▸ **Data provided**
(* Let $\mathbb{X},\mathbb{Y}$ be finite-dimensional Banach spaces with $\dim\mathbb{X}=n$, $\dim\mathbb{Y}=m$. Let $T\in\mathbb{L}(\mathbb{X},\mathbb{Y})$, $\|T\|=1$, be an operator of rank $1$ such that $T(M_T)=\{\lambda y:|\lambda|=1\}$ for some unit vector $y\in\mathbb{Y}$. If $\dim\operatorname{span}(M_T)=n$ and $y$ is $m$-smooth, then $T$ is an extreme contraction.
   Context: $M_T=\{x\in\mathbb{X}:\|x\|=1,\|Tx\|=\|T\|\}$. For a unit vector $z$ of a normed space $\mathbb{Z}$, $J(z)=\{f\in\mathbb{Z}^*:\|f\|=1,f(z)=1\}$, and $z$ is $k$-smooth if $\dim\operatorname{span}J(z)=k$. An operator $T$ is an extreme contraction if it is an extreme point of the closed unit ball of $\mathbb{L}(\mathbb{X},\mathbb{Y})$ (operator norm). *)

theory Defs
  imports "HOL-Analysis.Analysis"
begin

definition norm_attain_set :: "('a::real_normed_vector \<Rightarrow>\<^sub>L 'b::real_normed_vector) \<Rightarrow> 'a set"
  where "norm_attain_set T = {x. norm x = 1 \<and> norm (blinfun_apply T x) = norm T}"

definition supp_funcs :: "'a::real_normed_vector \<Rightarrow> ('a \<Rightarrow>\<^sub>L real) set"
  where "supp_funcs z = {f. norm f = 1 \<and> blinfun_apply f z = 1}"

definition k_smooth :: "nat \<Rightarrow> 'a::real_normed_vector \<Rightarrow> bool"
  where "k_smooth k z \<longleftrightarrow> norm z = 1 \<and> dim (span (supp_funcs z)) = k"

definition fin_dim :: "'a::real_vector itself \<Rightarrow> bool"
  where "fin_dim _ \<longleftrightarrow> (\<exists>B::'a set. finite B \<and> span B = UNIV)"

end

theory Submission imports Defs begin

text \<open>
  Let \<open>T = (1 - u) A + u B\<close> with \<open>\<parallel>A\<parallel>, \<parallel>B\<parallel> \<le> 1\<close> and \<open>0 < u < 1\<close>. For \<open>x \<in> M\<^sub>T\<close> we have
  \<open>T x = c y\<close> with \<open>\<bar>c\<bar> = 1\<close>, and each \<open>f \<in> J(y)\<close> takes values in \<open>[-1, 1]\<close> at \<open>A x\<close> and \<open>B x\<close>
  while \<open>f (T x) = c\<close> is an endpoint of that interval, so \<open>f (A x) = c\<close>. As \<open>y\<close> is
  \<open>m\<close>-smooth, \<open>J(y)\<close> is a family of functionals of full dimension, which cannot vanish at
  the nonzero vector \<open>A x - c y\<close>; hence \<open>A x = T x\<close>. Since \<open>M\<^sub>T\<close> spans the domain, \<open>A = T\<close>.
\<close>

lemma extreme_point_ofI:
  assumes "x \<in> S"
    and "\<And>a b u. a \<in> S \<Longrightarrow> b \<in> S \<Longrightarrow> 0 < u \<Longrightarrow> u < 1 \<Longrightarrow>
           x = (1 - u) *\<^sub>R a + u *\<^sub>R b \<Longrightarrow> a = x"
  shows "x extreme_point_of S"
  unfolding extreme_point_of_def
proof (intro conjI ballI notI)
  show "x \<in> S" by fact
next
  fix a b assume a: "a \<in> S" and b: "b \<in> S" and "x \<in> open_segment a b"
  then obtain u where u: "0 < u" "u < 1" and x: "x = (1 - u) *\<^sub>R a + u *\<^sub>R b" and "a \<noteq> b"
    by (auto simp: in_segment)
  moreover have "a = x"
    using assms(2)[OF a b u x] .
  moreover have "b = x"
    using assms(2)[OF b a, of "1 - u"] u x by (simp add: add.commute)
  ultimately show False by simp
qed

lemma convex_comb_eq_sign_real:
  fixes a b c u :: real
  assumes "\<bar>a\<bar> \<le> 1" "\<bar>b\<bar> \<le> 1" "\<bar>c\<bar> = 1" "0 < u" "u < 1"
    and "(1 - u) * a + u * b = c"
  shows "a = c"
proof -
  have cc: "c * c = 1"
    using assms(3) by (metis abs_mult_self_eq mult_1_right)
  have "c * a \<le> 1" "c * b \<le> 1"
    using assms(1-3) by (simp_all add: abs_le_iff abs_if split: if_splits)
  then have nonneg: "0 \<le> (1 - u) * (1 - c * a)" "0 \<le> u * (1 - c * b)"
    using assms(4,5) by simp_all
  have "(1 - u) * (1 - c * a) + u * (1 - c * b) = 1 - c * c"
    by (simp add: algebra_simps flip: assms(6))
  then have "(1 - u) * (1 - c * a) = 0"
    using nonneg cc by linarith
  then have "c * a = 1"
    using assms(5) by simp
  then show "a = c"
    using cc by (metis mult.left_commute mult_1_right)
qed

lemma fin_dim_extend_basis:
  fixes S :: "'a::real_vector set"
  assumes "fin_dim TYPE('a)" and "independent S"
  obtains B where "S \<subseteq> B" "independent B" "span B = UNIV" "finite B" "card B = dim (UNIV :: 'a set)"
proof -
  obtain F :: "'a set" where F: "finite F" "span F = UNIV"
    using assms(1) unfolding fin_dim_def by blast
  obtain B where B: "S \<subseteq> B" "independent B" "UNIV \<subseteq> span B"
    by (rule maximal_independent_subset_extend[OF subset_UNIV assms(2)]) auto
  have "finite B"
    using independent_span_bound[OF F(1) B(2)] F(2) by auto
  moreover have "card B = dim (UNIV :: 'a set)"
    using dim_unique[of B UNIV "card B"] B by simp
  ultimately show thesis
    using B by (intro that) auto
qed

lemma span_eq_UNIV_if_dim_eq:
  fixes M :: "'a::real_vector set"
  assumes "fin_dim TYPE('a)" and "dim M = dim (UNIV :: 'a set)"
  shows "span M = UNIV"
proof -
  obtain D where D: "D \<subseteq> M" "independent D" "card D = dim M"
    using basis_exists[of M] by metis
  obtain E where E: "D \<subseteq> E" "span E = UNIV" "finite E" "card E = dim (UNIV :: 'a set)"
    using fin_dim_extend_basis[OF assms(1) D(2)] by metis
  have "D = E"
    using card_subset_eq[OF E(3,1)] D(3) E(4) assms(2) by simp
  then show ?thesis
    using span_mono[OF D(1)] E(2) by auto
qed

lemma blinfun_eqI_span:
  fixes A B :: "'a::real_normed_vector \<Rightarrow>\<^sub>L 'b::real_normed_vector"
  assumes "span M = UNIV" and "\<And>x. x \<in> M \<Longrightarrow> blinfun_apply A x = blinfun_apply B x"
  shows "A = B"
proof (rule blinfun_eqI)
  fix x
  have "x \<in> span M" using assms(1) by simp
  moreover have "linear (blinfun_apply C)" for C :: "'a \<Rightarrow>\<^sub>L 'b"
    by (rule bounded_linear.linear[OF blinfun.bounded_linear_right])
  ultimately show "blinfun_apply A x = blinfun_apply B x"
    using real_vector.linear_eq_on assms(2) by blast
qed

text \<open>
  With \<open>B\<close> a basis through \<open>v\<close>, the coordinate map
  \<open>g \<mapsto> \<Sum>b \<in> B - {v}. g b *\<^sub>R b\<close> embeds the functionals vanishing at \<open>v\<close> into a
  space of dimension one less than that of the whole space.
\<close>
lemma dim_functionals_vanishing_less:
  fixes S :: "('b::real_normed_vector \<Rightarrow>\<^sub>L real) set" and v :: 'b
  assumes "fin_dim TYPE('b)" and "v \<noteq> 0"
    and vanish: "\<And>g. g \<in> S \<Longrightarrow> blinfun_apply g v = 0"
  shows "dim S < dim (UNIV :: 'b set)"
proof -
  obtain B where B: "{v} \<subseteq> B" "independent B" "span B = UNIV" "finite B"
      and card_B: "card B = dim (UNIV :: 'b set)"
  proof (rule fin_dim_extend_basis[OF assms(1)])
    show "independent {v}" using assms(2) by simp
  qed
  define B' where "B' = B - {v}"
  have B': "finite B'" "independent B'" "card B' = card B - 1"
    using B independent_mono[OF B(2), of "B - {v}"] unfolding B'_def
    by (auto simp: card_Diff_singleton)
  obtain C where C: "C \<subseteq> S" "independent C" "card C = dim S"
    using basis_exists[of S] by metis
  define \<phi> where "\<phi> g = (\<Sum>b\<in>B'. blinfun_apply g b *\<^sub>R b)" for g :: "'b \<Rightarrow>\<^sub>L real"
  have lin: "linear \<phi>"
    unfolding \<phi>_def by (rule linearI)
      (simp_all add: scaleR_add_left sum.distrib scaleR_sum_right blinfun.add_left blinfun.scaleR_left)
  have inj: "inj_on \<phi> (span C)"
  proof (subst linear_inj_on_iff_eq_0[OF lin subspace_span], intro ballI impI)
    fix g assume g: "g \<in> span C" "\<phi> g = 0"
    have "blinfun_apply g v = 0"
      by (rule real_vector.linear_eq_0_on_span[OF bounded_linear.linear _ g(1)])
        (use C(1) vanish in \<open>auto intro: bounded_linear_apply_blinfun\<close>)
    moreover have "blinfun_apply g b = 0" if "b \<in> B'" for b
      using independentD[OF B'(2,1) subset_refl, of "blinfun_apply g"] g(2) that
      unfolding \<phi>_def by simp
    ultimately show "g = 0"
      using B(3) by (intro blinfun_eqI_span[of B]) (auto simp: B'_def)
  qed
  have "independent (\<phi> ` C)"
    using real_vector.linear_independent_injective_image[OF lin C(2) inj] .
  moreover have "\<phi> ` C \<subseteq> span B'"
    unfolding \<phi>_def by (auto intro: span_sum span_mul span_base)
  ultimately have "card (\<phi> ` C) \<le> card B'"
    using independent_span_bound[OF B'(1)] by blast
  moreover have "card (\<phi> ` C) = card C"
    using inj span_superset by (intro card_image) (blast intro: inj_on_subset)
  moreover have "card B > 0"
    using B card_gt_0_iff by blast
  ultimately show ?thesis
    using C(3) B'(3) card_B by linarith
qed

lemma supp_funcs_apply_convex_comb:
  fixes a b y :: "'b::real_normed_vector"
  assumes "f \<in> supp_funcs y" "norm a \<le> 1" "norm b \<le> 1" "0 < u" "u < 1" "\<bar>c\<bar> = 1"
    and comb: "(1 - u) *\<^sub>R a + u *\<^sub>R b = c *\<^sub>R y"
  shows "blinfun_apply f a = c"
proof -
  have f: "norm f = 1" "blinfun_apply f y = 1"
    using assms(1) unfolding supp_funcs_def by auto
  have bound: "\<bar>blinfun_apply f z\<bar> \<le> 1" if "norm z \<le> 1" for z
    using norm_blinfun[of f z] f(1) that by simp
  have "(1 - u) * blinfun_apply f a + u * blinfun_apply f b = c"
    using arg_cong[OF comb, of "blinfun_apply f"] f(2)
    by (simp add: blinfun.add_right blinfun.scaleR_right)
  then show ?thesis
    by (rule convex_comb_eq_sign_real[OF bound[OF assms(2)] bound[OF assms(3)] assms(6,4,5)])
qed

lemma convex_comb_eq_full_smooth_point:
  fixes a b y :: "'b::real_normed_vector"
  assumes "fin_dim TYPE('b)" and "dim (supp_funcs y) = dim (UNIV :: 'b set)"
    and "norm a \<le> 1" "norm b \<le> 1" "0 < u" "u < 1" "\<bar>c\<bar> = 1"
    and "(1 - u) *\<^sub>R a + u *\<^sub>R b = c *\<^sub>R y"
  shows "a = c *\<^sub>R y"
proof (rule ccontr)
  assume "a \<noteq> c *\<^sub>R y"
  then have "a - c *\<^sub>R y \<noteq> 0" by simp
  moreover have "blinfun_apply f (a - c *\<^sub>R y) = 0" if "f \<in> supp_funcs y" for f
    using supp_funcs_apply_convex_comb[OF that assms(3-8)] that
    by (simp add: supp_funcs_def blinfun.diff_right blinfun.scaleR_right)
  ultimately have "dim (supp_funcs y) < dim (UNIV :: 'b set)"
    using dim_functionals_vanishing_less[OF assms(1)] by blast
  then show False
    using assms(2) by simp
qed

theorem mainTheorem5:
  fixes T :: "'a::banach \<Rightarrow>\<^sub>L 'b::banach" and y :: 'b and n m :: nat
  assumes "fin_dim TYPE('a)" and "fin_dim TYPE('b)"
    and "dim (UNIV :: 'a set) = n" and "dim (UNIV :: 'b set) = m"
    and "norm T = 1"
    and "dim (range (blinfun_apply T)) = 1"
    and "norm y = 1"
    and "blinfun_apply T ` norm_attain_set T = {c *\<^sub>R y | c. \<bar>c\<bar> = 1}"
    and "dim (span (norm_attain_set T)) = n"
    and "k_smooth m y"
  shows "T extreme_point_of cball 0 1"
proof (rule extreme_point_ofI)
  show "T \<in> cball 0 1" using assms(5) by simp
next
  fix A B :: "'a \<Rightarrow>\<^sub>L 'b" and u :: real
  assume A: "A \<in> cball 0 1" and B: "B \<in> cball 0 1" and u: "0 < u" "u < 1"
    and T: "T = (1 - u) *\<^sub>R A + u *\<^sub>R B"
  have smooth: "dim (supp_funcs y) = dim (UNIV :: 'b set)"
    using assms(4,10) by (simp add: k_smooth_def)
  have "blinfun_apply A x = blinfun_apply T x" if x: "x \<in> norm_attain_set T" for x
  proof -
    have "blinfun_apply T x \<in> blinfun_apply T ` norm_attain_set T"
      using x by (rule imageI)
    then obtain c where c: "blinfun_apply T x = c *\<^sub>R y" "\<bar>c\<bar> = 1"
      using assms(8) by auto
    have bound: "norm (blinfun_apply C x) \<le> 1" if "C \<in> cball 0 1" for C :: "'a \<Rightarrow>\<^sub>L 'b"
      using norm_blinfun[of C x] that x by (simp add: norm_attain_set_def)
    have "(1 - u) *\<^sub>R blinfun_apply A x + u *\<^sub>R blinfun_apply B x = c *\<^sub>R y"
      using c(1) by (simp add: T blinfun.add_left blinfun.scaleR_left)
    then show ?thesis
      using convex_comb_eq_full_smooth_point[OF assms(2) smooth bound[OF A] bound[OF B] u c(2)] c(1)
      by simp
  qed
  moreover have "span (norm_attain_set T) = UNIV"
    using span_eq_UNIV_if_dim_eq[OF assms(1)] assms(3,9) by simp
  ultimately show "A = T"
    by (simp add: blinfun_eqI_span)
qed

end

▸ **What you should do**
The answer should consist of the lines from the first line of the entries through the line with "cannot vanish at", copied exactly.

▸ **Exercise response**
(* Let $\mathbb{X},\mathbb{Y}$ be finite-dimensional Banach spaces with $\dim\mathbb{X}=n$, $\dim\mathbb{Y}=m$. Let $T\in\mathbb{L}(\mathbb{X},\mathbb{Y})$, $\|T\|=1$, be an operator of rank $1$ such that $T(M_T)=\{\lambda y:|\lambda|=1\}$ for some unit vector $y\in\mathbb{Y}$. If $\dim\operatorname{span}(M_T)=n$ and $y$ is $m$-smooth, then $T$ is an extreme contraction.
   Context: $M_T=\{x\in\mathbb{X}:\|x\|=1,\|Tx\|=\|T\|\}$. For a unit vector $z$ of a normed space $\mathbb{Z}$, $J(z)=\{f\in\mathbb{Z}^*:\|f\|=1,f(z)=1\}$, and $z$ is $k$-smooth if $\dim\operatorname{span}J(z)=k$. An operator $T$ is an extreme contraction if it is an extreme point of the closed unit ball of $\mathbb{L}(\mathbb{X},\mathbb{Y})$ (operator norm). *)

theory Defs
  imports "HOL-Analysis.Analysis"
begin

definition norm_attain_set :: "('a::real_normed_vector \<Rightarrow>\<^sub>L 'b::real_normed_vector) \<Rightarrow> 'a set"
  where "norm_attain_set T = {x. norm x = 1 \<and> norm (blinfun_apply T x) = norm T}"

definition supp_funcs :: "'a::real_normed_vector \<Rightarrow> ('a \<Rightarrow>\<^sub>L real) set"
  where "supp_funcs z = {f. norm f = 1 \<and> blinfun_apply f z = 1}"

definition k_smooth :: "nat \<Rightarrow> 'a::real_normed_vector \<Rightarrow> bool"
  where "k_smooth k z \<longleftrightarrow> norm z = 1 \<and> dim (span (supp_funcs z)) = k"

definition fin_dim :: "'a::real_vector itself \<Rightarrow> bool"
  where "fin_dim _ \<longleftrightarrow> (\<exists>B::'a set. finite B \<and> span B = UNIV)"

end

theory Submission imports Defs begin

text \<open>
  Let \<open>T = (1 - u) A + u B\<close> with \<open>\<parallel>A\<parallel>, \<parallel>B\<parallel> \<le> 1\<close> and \<open>0 < u < 1\<close>. For \<open>x \<in> M\<^sub>T\<close> we have
  \<open>T x = c y\<close> with \<open>\<bar>c\<bar> = 1\<close>, and each \<open>f \<in> J(y)\<close> takes values in \<open>[-1, 1]\<close> at \<open>A x\<close> and \<open>B x\<close>
  while \<open>f (T x) = c\<close> is an endpoint of that interval, so \<open>f (A x) = c\<close>. As \<open>y\<close> is
  \<open>m\<close>-smooth, \<open>J(y)\<close> is a family of functionals of full dimension, which cannot vanish at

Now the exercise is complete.